Received 1 November 2001; received in revised form 25 January 2002; accepted 6 February 2002.

Abstract

: Patients undergoing prostate brachytherapy (PB) as monotherapy are often selected on the basis of favorable pretreatment factors. However, intermediate and high-risk prostate cancer patients are commonly offered PB as monotherapy without the addition of external beam radiotherapy (EBRT) or hormonal therapy. This series reports the outcome of patients undergoing PB as monotherapy who were stratified into low, intermediate, and high-risk groups with extended follow-up.

: A total of 102 patients with linically localized prostate cancer underwent PB alone as monotherapy. EBRT or hormonal therapy was not part of their initial treatment. Prostate-specific antigen (PSA) relapse-free survival (PRFS) was determined in accordance with the American Society for Therapeutic Radiology and Oncology consensus statement. Patients were stratified as at favorable risk (Stage T1-2a, pretreatment PSA ≤10.0 ng/mL, and Gleason score ≤6), intermediate risk (one prognostic indicator with a higher value), or unfavorable risk (≥2 indicators with higher values). The median follow-up period for patients in this series was 7 years (range 2.1–9.7). The median age at treatment was 71 years (range 54–80), and the median prescribed dose of ¹²⁵I was 145 Gy.

: Forty patients experienced a biochemical relapse at a median of 1.9 years (range 0.4–4.2). The 5-year actuarial PRFS rate for patients with favorable, intermediate, and unfavorable risk was 85%, 63%, and 24%, respectively (p <0.0001).
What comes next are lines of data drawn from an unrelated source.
(* Let $K, C \in \mathbb{N}$ be positive integers, let $p \in \mathbb{Q}_{>0}$, let $q_1, q_2 \in \mathbb{Q}$, and let $\varphi, \psi : \mathbb{Q} \to \mathbb{Z}$ be functions that are antiperiodic with antiperiod $C$ on the grid $\frac{C}{K}\mathbb{Z}$, i.e. $\varphi(x + C) = -\varphi(x)$ and $\psi(x+C) = -\psi(x)$ for all $x \in \frac{C}{K}\mathbb{Z}$. For nonzero $x \in \frac{1}{K}\mathbb{Z}$ define \[ s_d(x) = \frac{p^x + q_1 \varphi(Cx) + q_2 \psi(Cx)}{x}, \] where $p^x$ denotes the positive real power. Let $t = \frac{i}{K}$ with $i \in \mathbb{Z}\setminus\{0\}$, and let $u, v$ be nonnegative integers such that the four points $t,\ t+2v+1,\ t+2u,\ t+2u+2v+1$ are all nonzero. Put \[ s_0 = s_d(t),\quad s_1 = s_d(t+2v+1),\quad s_2 = s_d(t+2u),\quad s_3 = s_d(t+2u+2v+1). \] Then \[ \frac{s_0 \cdot t + s_1 \cdot (t + 2v + 1)}{s_2 \cdot (t + 2u) + s_3 \cdot (t + 2u + 2v + 1)} = \frac{1}{p^{2u}}. \]
   Context: The functions $\varphi,\psi$ play the role of discrete "oscillators"; antiperiodicity with antiperiod $C$ means a shift of the argument by $C$ flips the sign. The function $s_d$ is called the discrete generating function. *)

theory Defs
  imports Complex_Main
begin

definition s_d :: "rat \<Rightarrow> rat \<Rightarrow> rat \<Rightarrow> nat \<Rightarrow> (rat \<Rightarrow> int) \<Rightarrow> (rat \<Rightarrow> int) \<Rightarrow> rat \<Rightarrow> real" where
  "s_d p q1 q2 C \<phi> \<psi> x =
     (real_of_rat p powr real_of_rat x
       + real_of_rat q1 * real_of_int (\<phi> (of_nat C * x))
       + real_of_rat q2 * real_of_int (\<psi> (of_nat C * x))) / real_of_rat x"

definition antiperiodic_on_grid :: "nat \<Rightarrow> nat \<Rightarrow> (rat \<Rightarrow> int) \<Rightarrow> bool" where
  "antiperiodic_on_grid K C f \<longleftrightarrow>
     (\<forall>j::int. f (of_int j * of_nat C / of_nat K + of_nat C) = - f (of_int j * of_nat C / of_nat K))"

end

theory Submission
  imports Defs
begin

text \<open>An odd shift of the
  argument by n flips the sign of both oscillators at C x, so they cancel in the sum over x and
  x + n, which is p^x + p^(x+n). Both the numerator (x = t) and the denominator (x = t + 2u)
  of the quotient are such sums, and the denominator is p^(2u) times the numerator.\<close>

lemma antiperiodic_on_grid_shift:
  assumes "K > 0" "antiperiodic_on_grid K C f"
  shows "f (of_int j * of_nat C / of_nat K + of_nat n * of_nat C)
       = (-1) ^ n * f (of_int j * of_nat C / of_nat K)"
proof (induction n)
  case 0
  then show ?case by simp
next
  case (Suc n)
  have grid: "of_int j * of_nat C / of_nat K + of_nat n * of_nat C
      = of_int (j + int n * int K) * of_nat C / (of_nat K :: rat)"
    using \<open>K > 0\<close> by (simp add: field_simps)
  have "f (of_int j * of_nat C / of_nat K + of_nat (Suc n) * of_nat C)
      = f (of_int (j + int n * int K) * of_nat C / of_nat K + of_nat C)"
    using grid by (simp add: algebra_simps)
  also have "\<dots> = - f (of_int (j + int n * int K) * of_nat C / of_nat K)"
    using assms(2) unfolding antiperiodic_on_grid_def by blast
  also have "\<dots> = - f (of_int j * of_nat C / of_nat K + of_nat n * of_nat C)"
    using grid by simp
  finally show ?case using Suc by simp
qed

lemma antiperiodic_on_grid_odd_shift:
  assumes "K > 0" "antiperiodic_on_grid K C f" "x = of_int i / of_nat K" "odd n"
  shows "f (of_nat C * (x + of_nat n)) = - f (of_nat C * x)"
proof -
  have "of_nat C * x = of_int i * of_nat C / of_nat K"
    using assms(3) by simp
  moreover have "of_nat C * (x + of_nat n) = of_int i * of_nat C / of_nat K + of_nat n * of_nat C"
    using assms(3) by (simp add: algebra_simps)
  ultimately show ?thesis
    using antiperiodic_on_grid_shift[OF assms(1,2)] \<open>odd n\<close> by simp
qed

lemma s_d_times_arg:
  assumes "x \<noteq> 0"
  shows "s_d p q1 q2 C \<phi> \<psi> x * real_of_rat x
       = real_of_rat p powr real_of_rat x + real_of_rat q1 * real_of_int (\<phi> (of_nat C * x))
         + real_of_rat q2 * real_of_int (\<psi> (of_nat C * x))"
  using assms by (simp add: s_d_def)

lemma s_d_odd_shift_sum:
  assumes "K > 0" "antiperiodic_on_grid K C \<phi>" "antiperiodic_on_grid K C \<psi>"
    and "x = of_int i / of_nat K" "odd n" "x \<noteq> 0" "x + of_nat n \<noteq> 0"
  shows "s_d p q1 q2 C \<phi> \<psi> x * real_of_rat x
         + s_d p q1 q2 C \<phi> \<psi> (x + of_nat n) * real_of_rat (x + of_nat n)
       = real_of_rat p powr real_of_rat x + real_of_rat p powr real_of_rat (x + of_nat n)"
  using s_d_times_arg[OF \<open>x \<noteq> 0\<close>] s_d_times_arg[OF \<open>x + of_nat n \<noteq> 0\<close>]
    antiperiodic_on_grid_odd_shift[OF assms(1,2,4,5)]
    antiperiodic_on_grid_odd_shift[OF assms(1,3,4,5)]
  by simp

theorem mainTheorem1:
  fixes K C u v :: nat and p q1 q2 :: rat and \<phi> \<psi> :: "rat \<Rightarrow> int" and i :: int and t :: rat
  assumes "K > 0" and "C > 0" and "p > 0"
    and "antiperiodic_on_grid K C \<phi>" and "antiperiodic_on_grid K C \<psi>"
    and "i \<noteq> 0" and "t = of_int i / of_nat K"
    and "t \<noteq> 0" and "t + 2 * of_nat v + 1 \<noteq> 0" and "t + 2 * of_nat u \<noteq> 0"
    and "t + 2 * of_nat u + 2 * of_nat v + 1 \<noteq> 0"
  shows "(s_d p q1 q2 C \<phi> \<psi> t * real_of_rat t
          + s_d p q1 q2 C \<phi> \<psi> (t + 2 * of_nat v + 1) * real_of_rat (t + 2 * of_nat v + 1))
        / (s_d p q1 q2 C \<phi> \<psi> (t + 2 * of_nat u) * real_of_rat (t + 2 * of_nat u)
          + s_d p q1 q2 C \<phi> \<psi> (t + 2 * of_nat u + 2 * of_nat v + 1)
              * real_of_rat (t + 2 * of_nat u + 2 * of_nat v + 1))
      = 1 / real_of_rat p powr (2 * real u)"
proof -
  define n where "n = 2 * v + 1"
  define P where "P = real_of_rat p"
  have odd_n: "odd n" by (simp add: n_def)
  have shift_t: "t + 2 * of_nat v + 1 = t + of_nat n"
    by (simp add: n_def)
  have shift_tu: "t + 2 * of_nat u + 2 * of_nat v + 1 = (t + 2 * of_nat u) + of_nat n"
    by (simp add: n_def)
  have tu_grid: "t + 2 * of_nat u = of_int (i + 2 * int u * int K) / of_nat K"
    using \<open>K > 0\<close> \<open>t = of_int i / of_nat K\<close> by (simp add: field_simps)
  have numerator:
    "s_d p q1 q2 C \<phi> \<psi> t * real_of_rat t
       + s_d p q1 q2 C \<phi> \<psi> (t + of_nat n) * real_of_rat (t + of_nat n)
     = P powr real_of_rat t + P powr real_of_rat (t + of_nat n)"
    using s_d_odd_shift_sum[OF assms(1,4,5,7) odd_n] assms(8,9)
    unfolding shift_t P_def by simp
  have denominator:
    "s_d p q1 q2 C \<phi> \<psi> (t + 2 * of_nat u) * real_of_rat (t + 2 * of_nat u)
       + s_d p q1 q2 C \<phi> \<psi> (t + 2 * of_nat u + of_nat n)
           * real_of_rat (t + 2 * of_nat u + of_nat n)
     = P powr (2 * real u) * (P powr real_of_rat t + P powr real_of_rat (t + of_nat n))"
    using s_d_odd_shift_sum[OF assms(1,4,5) tu_grid odd_n] assms(10,11)
    unfolding shift_tu P_def by (simp add: of_rat_add of_rat_mult powr_add algebra_simps)
  have "P powr real_of_rat t + P powr real_of_rat (t + of_nat n) > 0"
    using \<open>p > 0\<close> by (simp add: P_def add_pos_pos)
  then show ?thesis
    unfolding shift_t shift_tu numerator denominator P_def[symmetric] by simp
qed

end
All but 1 patient had the relapse within the first 5 years of treatment. When stratifying patients on the basis of their pretreatment PSA level, the 5-year PRFS rate for men with a PSA ≤10 ng/mL vs. >10 ng/mL was 78% vs. 35%, respectively (p = 0.0005). Furthermore, the 5-year PRFS rate for men with a Gleason score of ≤6 vs. ≥7 was 74% vs. 33%, respectively (p = 0.0001). No difference was found between Stage T1-T2a and Stage T2b or higher (64% vs. 54%, respectively; p = 0.353).

: On the basis of risk stratification, PB as monotherapy produces comparable PRFS to EBRT and surgery at 7 years of follow-up. PB as monotherapy is particularly ineffective in patients with unfavorable risk factors, and additional therapy is warranted.